§ **Task prompt**: Find where "n * integral" appears in the records below, then return that line and every later line exactly, stopping only at the last line.

§ **Information given**:
•••••

lemma nn_integral_power_exp_atLeast_1:
  fixes \<tau> :: real
  assumes \<tau>: "0 < \<tau>"
  shows "(\<integral>\<^sup>+t\<in>{1..}. ennreal (t ^ m * exp (- \<tau> * t)) \<partial>lborel)
           = ennreal (integral {1..} (\<lambda>t. t ^ m * exp (- \<tau> * t)))"
proof (rule set_nn_integral_lborel_eq_integral)
  show "set_borel_measurable borel {1..} (\<lambda>t::real. t ^ m * exp (- \<tau> * t))"
    unfolding set_borel_measurable_def by measurable
  text \<open>Domination by the \<open>m\<close>-th moment of the exponential distribution.\<close>
  have "(\<integral>\<^sup>+t\<in>{1..}. ennreal (t ^ m * exp (- \<tau> * t)) \<partial>lborel)
          \<le> (\<integral>\<^sup>+t. ennreal (1 / \<tau>) * ennreal (erlang_density 0 \<tau> t * t ^ m) \<partial>lborel)"
    using \<tau> by (intro nn_integral_mono)
      (auto simp: indicator_def erlang_density_def ennreal_mult[symmetric] field_simps)
  also have "\<dots> = ennreal (1 / \<tau>) * (fact m / (fact 0 * \<tau> ^ m))"
    using \<tau> by (simp add: nn_integral_cmult nn_integral_erlang_ith_moment)
  also have "\<dots> < \<infinity>"
    using \<tau> by (simp add: ennreal_mult_less_top)
  finally show "(\<integral>\<^sup>+t\<in>{1..}. ennreal (t ^ m * exp (- \<tau> * t)) \<partial>lborel) < \<infinity>" .
qed auto

lemma integral_power_exp_atLeast_1_nonneg:
  fixes \<tau> :: real
  shows "0 \<le> integral {1..} (\<lambda>t. t ^ m * exp (- \<tau> * t))"
  by (cases "(\<lambda>t. t ^ m * exp (- \<tau> * t)) integrable_on {1..}")
     (auto intro: integral_nonneg simp: not_integrable_integral)

lemma nn_integral_exp_moment_atLeast_1_eq_integral:
  fixes \<tau> :: real
  assumes \<tau>: "0 < \<tau>" and n: "0 < n"
  shows "(\<integral>\<^sup>+u\<in>{1..}. ennreal (\<tau> * exp (- \<tau> * u) * u ^ n) \<partial>lborel)
           = ennreal (exp (- \<tau>) + real n * integral {1..} (\<lambda>t. t ^ (n - 1) * exp (- \<tau> * t)))"
proof -
  obtain m where m: "n = Suc m"
    using n gr0_implies_Suc by blast
  define I where "I = integral {1..} (\<lambda>t. t ^ m * exp (- \<tau> * t))"
  have "0 \<le> I"
    unfolding I_def by (rule integral_power_exp_atLeast_1_nonneg)
  moreover have "(\<integral>\<^sup>+u\<in>{1..}. ennreal (\<tau> * exp (- \<tau> * u) * u ^ Suc m) \<partial>lborel)
                   = ennreal (exp (- \<tau>)) + of_nat (Suc m) * ennreal I"
    using nn_integral_exp_moment_atLeast_1[OF \<tau>, of m] nn_integral_power_exp_atLeast_1[OF \<tau>, of m]
    by (simp add: I_def)
  ultimately show ?thesis
    by (simp add: m I_def ennreal_of_nat_eq_real_of_nat ennreal_mult del: of_nat_Suc)
qed

lemma sigma_finite_lebesgue: "sigma_finite_measure (lebesgue :: 'a::euclidean_space measure)"
proof
  show "\<exists>A::'a set set. countable A \<and> A \<subseteq> sets lebesgue \<and> \<Union>A = space lebesgue
          \<and> (\<forall>a\<in>A. emeasure lebesgue a \<noteq> \<infinity>)"
  proof (intro exI conjI)
    show "\<Union>(range (\<lambda>n::nat. cball (0::'a) (real n))) = space lebesgue"
      by (auto simp: real_arch_simple)
    show "\<forall>a\<in>range (\<lambda>n::nat. cball (0::'a) (real n)). emeasure lebesgue a \<noteq> \<infinity>"
      using fmeasurableD2[OF lmeasurable_cball] by auto
  qed auto
qed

•••••

§ **Task solution**:
           = ennreal (exp (- \<tau>) + real n * integral {1..} (\<lambda>t. t ^ (n - 1) * exp (- \<tau> * t)))"
proof -
  obtain m where m: "n = Suc m"
    using n gr0_implies_Suc by blast
  define I where "I = integral {1..} (\<lambda>t. t ^ m * exp (- \<tau> * t))"
  have "0 \<le> I"
    unfolding I_def by (rule integral_power_exp_atLeast_1_nonneg)
  moreover have "(\<integral>\<^sup>+u\<in>{1..}. ennreal (\<tau> * exp (- \<tau> * u) * u ^ Suc m) \<partial>lborel)
                   = ennreal (exp (- \<tau>)) + of_nat (Suc m) * ennreal I"
    using nn_integral_exp_moment_atLeast_1[OF \<tau>, of m] nn_integral_power_exp_atLeast_1[OF \<tau>, of m]
    by (simp add: I_def)
  ultimately show ?thesis
    by (simp add: m I_def ennreal_of_nat_eq_real_of_nat ennreal_mult del: of_nat_Suc)
qed

lemma sigma_finite_lebesgue: "sigma_finite_measure (lebesgue :: 'a::euclidean_space measure)"
proof
  show "\<exists>A::'a set set. countable A \<and> A \<subseteq> sets lebesgue \<and> \<Union>A = space lebesgue
          \<and> (\<forall>a\<in>A. emeasure lebesgue a \<noteq> \<infinity>)"
  proof (intro exI conjI)
    show "\<Union>(range (\<lambda>n::nat. cball (0::'a) (real n))) = space lebesgue"
      by (auto simp: real_arch_simple)
    show "\<forall>a\<in>range (\<lambda>n::nat. cball (0::'a) (real n)). emeasure lebesgue a \<noteq> \<infinity>"
      using fmeasurableD2[OF lmeasurable_cball] by auto
  qed auto
qed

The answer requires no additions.